*Task goal*. From the entries below, transcribe exactly the lines between the line holding "pendant_pos_def by auto" and the line holding "unfolding base_def using off", inclusive; skip all other lines.

Top of Recorded data

lemma card_sinks: "card {w \<in> support. \<not> is_source w} = z + (if off = 0 then q else 0)"
  using card_support_side[of 1] off_le_1 by auto

lemma base_support: "{u \<in> support. is_source u = (off = 0)} = base ` {..<z}"
proof -
  have "off + off \<noteq> 1" by arith
  thus ?thesis using support_side[OF off_le_1] by (simp add: base_def)
qed

lemma tstep_base_lab0:
  assumes "k < z"
  shows "tstep (base k) (lab 0) \<in> spine ` {..<2 * z}"
proof (cases "off = 0")
  case True
  hence "tstep (base k) (lab 0) = spine (Suc (2 * k + off))"
    unfolding base_def using tstep_spine_forward[of "2 * k + off"] spine_letter_base[of k] by simp
  moreover have "Suc (2 * k + off) < 2 * z" using True assms by simp
  ultimately show ?thesis by simp
next
  case False
  hence "off = 1" using off_le_1 by simp
  hence "tstep (base k) (lab 0) = spine (2 * k)"
    unfolding base_def using tstep_spine_back[of "2 * k"] by (simp add: spine_letter_def)
  thus ?thesis using assms by simp
qed

lemma tstep_base_lab1:
  assumes "k < z" and "k \<noteq> pendant_pos 0"
  shows "tstep (base k) (lab 1) \<in> spine ` {..<2 * z}"
proof (cases "off = 0")
  case True
  then obtain k' where k: "k = Suc k'" using assms(2) unfolding pendant_pos_def by (cases k) auto
  hence "tstep (base k) (lab 1) = spine (2 * k' + 1)"
    unfolding base_def using True tstep_spine_back[of "2 * k' + 1"] by (simp add: spine_letter_def)
  thus ?thesis using assms(1) k by simp
next
  case False
  hence off: "off = 1" using off_le_1 by simp
  hence "Suc (Suc (2 * k)) < 2 * z" using assms unfolding pendant_pos_def by auto
  moreover have "tstep (base k) (lab 1) = spine (Suc (Suc (2 * k)))"
    unfolding base_def using off tstep_spine_forward[of "Suc (2 * k)"] by (simp add: spine_letter_def)
  ultimately show ?thesis by simp
qed

lemma tstep_base_lab:
  assumes "2 \<le> c" and "c < n"
  shows "tstep (base k) (lab c) = base k @ [lab c]"
proof -
  have "lab c \<noteq> spine_letter L" for L
    using assms lab_eq_iff[of c "L mod 2"] by (simp add: spine_letter_def)
  thus ?thesis unfolding base_def by (simp add: tstep_spine_snoc)
qed

lemma snoc_base_in_support_iff:
  assumes "2 \<le> c" and "c < n"
  shows "base k @ [lab c] \<in> support \<longleftrightarrow> (\<exists>i<q. pendant_pos i = k \<and> pendant_label i = c)"
proof -
  have "lab c \<noteq> spine_letter L" for L
    using assms lab_eq_iff[of c "L mod 2"] by (simp add: spine_letter_def)
  hence "base k @ [lab c] \<notin> spine ` {..<2 * z}"
    unfolding base_def by (auto dest!: sym[THEN iffD1[OF spine_eq_snoc_iff]])
  hence "base k @ [lab c] \<in> support \<longleftrightarrow> (\<exists>i<q. pendant i = base k @ [lab c])"
    unfolding support_def by (auto simp: image_iff) (metis lessThan_iff)
  moreover have "pendant i = base k @ [lab c] \<longleftrightarrow> pendant_pos i = k \<and> pendant_label i = c" if "i < q" for i
    using lab_eq_iff[OF pendant_label_less[OF that] assms(2)] by (auto simp: pendant_def base_def)
  ultimately show ?thesis by auto
qed

lemma pendant_column_full_iff:
  assumes "2 \<le> c"
  shows "(\<forall>k<z. \<exists>i<q. pendant_pos i = k \<and> pendant_label i = c) \<longleftrightarrow> (c - 1) * z < q"
proof -
  have "(\<forall>k<z. \<exists>i<q. pendant_pos i = k \<and> pendant_label i = c) \<longleftrightarrow> (\<forall>k<z. (c - 2) * z + k + 1 < q)"
    using assms by (simp add: pendant_slot_iff)
  also have "\<dots> \<longleftrightarrow> (c - 1) * z < q"
  proof
    assume all: "\<forall>k<z. (c - 2) * z + k + 1 < q"
    have "z - 1 < z" using z_pos by simp
    hence "(c - 2) * z + (z - 1) + 1 < q" using all by blast
    moreover have "(c - 1) * z = (c - 2) * z + (z - 1) + 1"
      using assms z_pos by (cases c) (auto simp: algebra_simps)
    ultimately show "(c - 1) * z < q" by simp
  next
    assume "(c - 1) * z < q"
    moreover have "(c - 1) * z = (c - 2) * z + z" using assms by (cases c) (auto simp: algebra_simps)
    ultimately show "\<forall>k<z. (c - 2) * z + k + 1 < q" by auto
  qed
  finally show ?thesis .
qed

text \<open>The number of labels carried by an arrow at every base vertex: lab 0, then lab 1 once
  pendant 0 exists, then one more label for each complete column of z pendants; in all
  1 + \<lceil>q / z\<rceil>.\<close>
definition full_labels :: nat where
  "full_labels = Suc ((q + z - 1) div z)"

lemma less_full_labels_iff: "0 < c \<Longrightarrow> c < full_labels \<longleftrightarrow> (c - 1) * z < q"
  using mult_less_iff_less_ceiling_div[OF z_pos, of "c - 1" q] by (auto simp: full_labels_def)

lemma full_labels_less: "full_labels < n"
proof -
  have "(n - 1) * z = (n - 2) * z + z" using n_ge_3 by (simp add: diff_mult_distrib)
  hence "q + z - 1 < (n - 1) * z" using q_le z_pos by simp
  hence "(q + z - 1) div z < n - 1" using z_pos by (simp add: div_less_iff_less_mult)
  thus ?thesis using n_ge_3 by (simp add: full_labels_def)
qed

lemma base_neighbours_in_support_iff:
  assumes c: "c < n"
  shows "(\<forall>k<z. tstep (base k) (lab c) \<in> support) \<longleftrightarrow> c < full_labels"
proof -
  consider "c = 0" | "c = 1" | "2 \<le> c" by arith
  thus ?thesis
  proof cases
    case 1
    thus ?thesis using tstep_base_lab0 by (auto simp: support_def full_labels_def)
  next
    case 2
    have "pendant 0 \<notin> spine ` {..<2 * z}" using n_ge_3 by (intro pendant_notin_spine) (simp add: pendant_label_def)
    hence "pendant 0 \<in> support \<longleftrightarrow> 0 < q" by (auto simp: support_def)
    thus ?thesis using 2 pendant_0 tstep_base_lab1 pendant_pos_less[of 0] less_full_labels_iff[of 1]
      by (auto simp: support_def)
  next
    case 3
    thus ?thesis using c less_full_labels_iff[of c] pendant_column_full_iff
      by (simp add: tstep_base_lab snoc_base_in_support_iff)
  qed
qed

lemma lab_surj: "i < n \<Longrightarrow> \<exists>c<n. lab c = i"
  using lab unfolding bij_betw_def by (metis imageE lessThan_iff)

lemma full_neighbour_labels:
  "{i. i < n \<and> (\<forall>k<z. tstep (base k) i \<in> support)} = lab ` {..<full_labels}"
proof (intro equalityI subsetI)
  fix i assume "i \<in> {i. i < n \<and> (\<forall>k<z. tstep (base k) i \<in> support)}"
  then obtain c where "c < n" "lab c = i" "\<forall>k<z. tstep (base k) (lab c) \<in> support"
    using lab_surj by auto
  thus "i \<in> lab ` {..<full_labels}" using base_neighbours_in_support_iff by blast
next
  fix i assume "i \<in> lab ` {..<full_labels}"
  then obtain c where "c < full_labels" "i = lab c" by blast
  moreover from this have "c < n" using full_labels_less by simp
  ultimately show "i \<in> {i. i < n \<and> (\<forall>k<z. tstep (base k) i \<in> support)}"
    using base_neighbours_in_support_iff lab_less by blast
qed

lemma cover_thin_module:
  obtains N :: "'k::field kmod" where "cover_thin n N"
    and "dimvec N = (z + (if off = 1 then q else 0), z + (if off = 0 then q else 0))"
    and "inj_arrows n (if off = 0 then N else kmod_dual N) = lab ` {..<full_labels}"
proof -
  obtain e1 where e1: "bij_betw e1 {..<card {u \<in> support. is_source u}} {u \<in> support. is_source u}"
    using ex_bij_betw_nat_finite[of "{u \<in> support. is_source u}"] finite_support
    unfolding atLeast0LessThan by auto
  obtain e2 where e2: "bij_betw e2 {..<card {w \<in> support. \<not> is_source w}} {w \<in> support. \<not> is_source w}"
    using ex_bij_betw_nat_finite[of "{w \<in> support. \<not> is_source w}"] finite_support
    unfolding atLeast0LessThan by auto
  interpret enumerated_support n support e1 e2
    using tree_vertex_support e1 e2 by unfold_locales
  define N where "N = pushdown n support (\<lambda>_ _. 1::'k) e1 e2"
  have valid: "kmod_valid n N" unfolding N_def by (rule kmod_valid_pushdown)
  have thin: "cover_thin n N"
    unfolding cover_thin_def
    using valid thin_indec_const_prefix_closed[OF finite_support Nil_in_support tree_vertex_support
        butlast_in_support] e1 e2 kmod_iso_refl[OF valid]
    unfolding N_def by blast
  have dim: "dimvec N = (z + (if off = 1 then q else 0), z + (if off = 0 then q else 0))"
    unfolding N_def pushdown_const dimvec_def card_sources card_sinks by simp
  have "inj_arrows n (if off = 0 then N else kmod_dual N) =
      {i. i < n \<and> (\<forall>u\<in>support. is_source u = (off = 0) \<longrightarrow> tstep u i \<in> support)}"
    unfolding N_def by (rule inj_arrows_pushdown_side)
  also have "\<dots> = {i. i < n \<and> (\<forall>k<z. tstep (base k) i \<in> support)}"
  proof -
    have "(\<forall>u\<in>support. is_source u = (off = 0) \<longrightarrow> tstep u i \<in> support) \<longleftrightarrow>
        (\<forall>u\<in>{u \<in> support. is_source u = (off = 0)}. tstep u i \<in> support)" for i
      by blast
    thus ?thesis unfolding base_support by auto
  qed
  also have "\<dots> = lab ` {..<full_labels}" by (rule full_neighbour_labels)
  finally show thesis using that thin dim by blast
qed

end

section \<open>Cyclic intervals\<close>

lemma mod_add_left_cancel_less:
  fixes j c c' n :: nat
  assumes "c < n" "c' < n" and eq: "(j + c) mod n = (j + c') mod n"
  shows "c = c'"
proof -
  have le: "c' \<le> c" if "c' < n" "(j + c) mod n = (j + c') mod n" for c c'
  proof (rule ccontr)
    assume "\<not> c' \<le> c"
    moreover have "(j + c') mod n = (j + c) mod n" using that(2) by simp
    ultimately have "n dvd (j + c') - (j + c)" by (subst (asm) mod_eq_dvd_iff_nat) simp_all
    hence "n dvd c' - c" by simp
    moreover have "0 < c' - c" "c' - c < n" using that(1) \<open>\<not> c' \<le> c\<close> by simp_all
    ultimately show False using nat_dvd_not_less by blast
  qed
  show ?thesis using le[OF assms(2) eq] le[OF assms(1) eq[symmetric]] by simp
qed

lemma bij_betw_cyclic_shift: "bij_betw (\<lambda>c. (j + c) mod n) {..<n} {..<n :: nat}"
proof (cases "n = 0")
  case False
  have "inj_on (\<lambda>c. (j + c) mod n) {..<n}"
    by (rule inj_onI) (erule mod_add_left_cancel_less[rotated 2]; simp)
  moreover have "(\<lambda>c. (j + c) mod n) ` {..<n} \<subseteq> {..<n}" using False by auto
  ultimately show ?thesis unfolding bij_betw_def by (simp add: endo_inj_surj)
qed simp

text \<open>The shift j is recovered from the cyclic interval {j, ..., j + m - 1} (mod n) as its unique
  element whose predecessor lies outside it.\<close>
lemma cyclic_interval_eq_imp_eq:
  fixes n m j l :: nat
  assumes m: "0 < m" "m < n" and j: "j < n" and l: "l < n"
    and eq: "(\<lambda>c. (j + c) mod n) ` {..<m} = (\<lambda>c. (l + c) mod n) ` {..<m}"
  shows "j = l"
proof -
  have "(j + 0) mod n \<in> (\<lambda>c. (j + c) mod n) ` {..<m}" using m(1) by (rule imageI[OF lessThan_iff[THEN iffD2]])
  hence "j \<in> (\<lambda>c. (l + c) mod n) ` {..<m}" using j eq by simp
  then obtain c where c: "c < m" "j = (l + c) mod n" by blast
  show ?thesis
  proof (cases c)
    case 0
    thus ?thesis using c l by simp
  next
    case (Suc c')
    have "(j + (n - 1)) mod n = (l + c + (n - 1)) mod n" unfolding c(2) by (rule mod_add_left_eq)
    also have "l + c + (n - 1) = l + c' + n" using Suc m by simp
    also have "(l + c' + n) mod n = (l + c') mod n" by simp
    finally have "(j + (n - 1)) mod n = (l + c') mod n" .
    moreover have "(l + c') mod n \<in> (\<lambda>c. (l + c) mod n) ` {..<m}"
      using Suc c(1) by (intro imageI) simp
    ultimately have "(j + (n - 1)) mod n \<in> (\<lambda>c. (j + c) mod n) ` {..<m}" using eq by simp
    then obtain c'' where c'': "c'' < m" "(j + (n - 1)) mod n = (j + c'') mod n" by blast
    have "n - 1 = c''" using m c'' by (intro mod_add_left_cancel_less[OF _ _ c''(2)]) simp_all
    thus ?thesis using c''(1) m by simp
  qed
qed

lemma spine_with_pendants_cyclic:
  fixes n x y :: nat
  assumes "n \<ge> 2" and "x > 0" and "y > 0"
    and "real x / real (n - 1) < real y" and "real y \<le> real (n - 1) * real x"
  shows "spine_with_pendants n (\<lambda>c. (j + c) mod n) (min x y) (max x y - min x y) (if x \<le> y then 0 else 1)"
proof -
  have "real x < real y * real (n - 1)" using assms(1,4) by (simp add: pos_divide_less_eq)
  hence x_less: "x < (n - 1) * y" by (metis of_nat_less_iff of_nat_mult mult.commute)
  have y_le: "y \<le> (n - 1) * x" using assms(5) by (metis of_nat_le_iff of_nat_mult)
  have n3: "n \<ge> 3" using assms(1) x_less y_le by (cases "n = 2") auto
  have "(n - 1) * x = (n - 2) * x + x" "(n - 1) * y = (n - 2) * y + y"
    using n3 by (simp_all add: diff_mult_distrib)
  hence "max x y - min x y \<le> (n - 2) * min x y" using x_less y_le by (auto simp: min_def max_def)
  thus ?thesis using n3 assms(2,3) bij_betw_cyclic_shift by unfold_locales auto
qed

Bottom of Recorded data

*Response for this exercise*.
  hence "Suc (Suc (2 * k)) < 2 * z" using assms unfolding pendant_pos_def by auto
  moreover have "tstep (base k) (lab 1) = spine (Suc (Suc (2 * k)))"
    unfolding base_def using off tstep_spine_forward[of "Suc (2 * k)"] by (simp add: spine_letter_def)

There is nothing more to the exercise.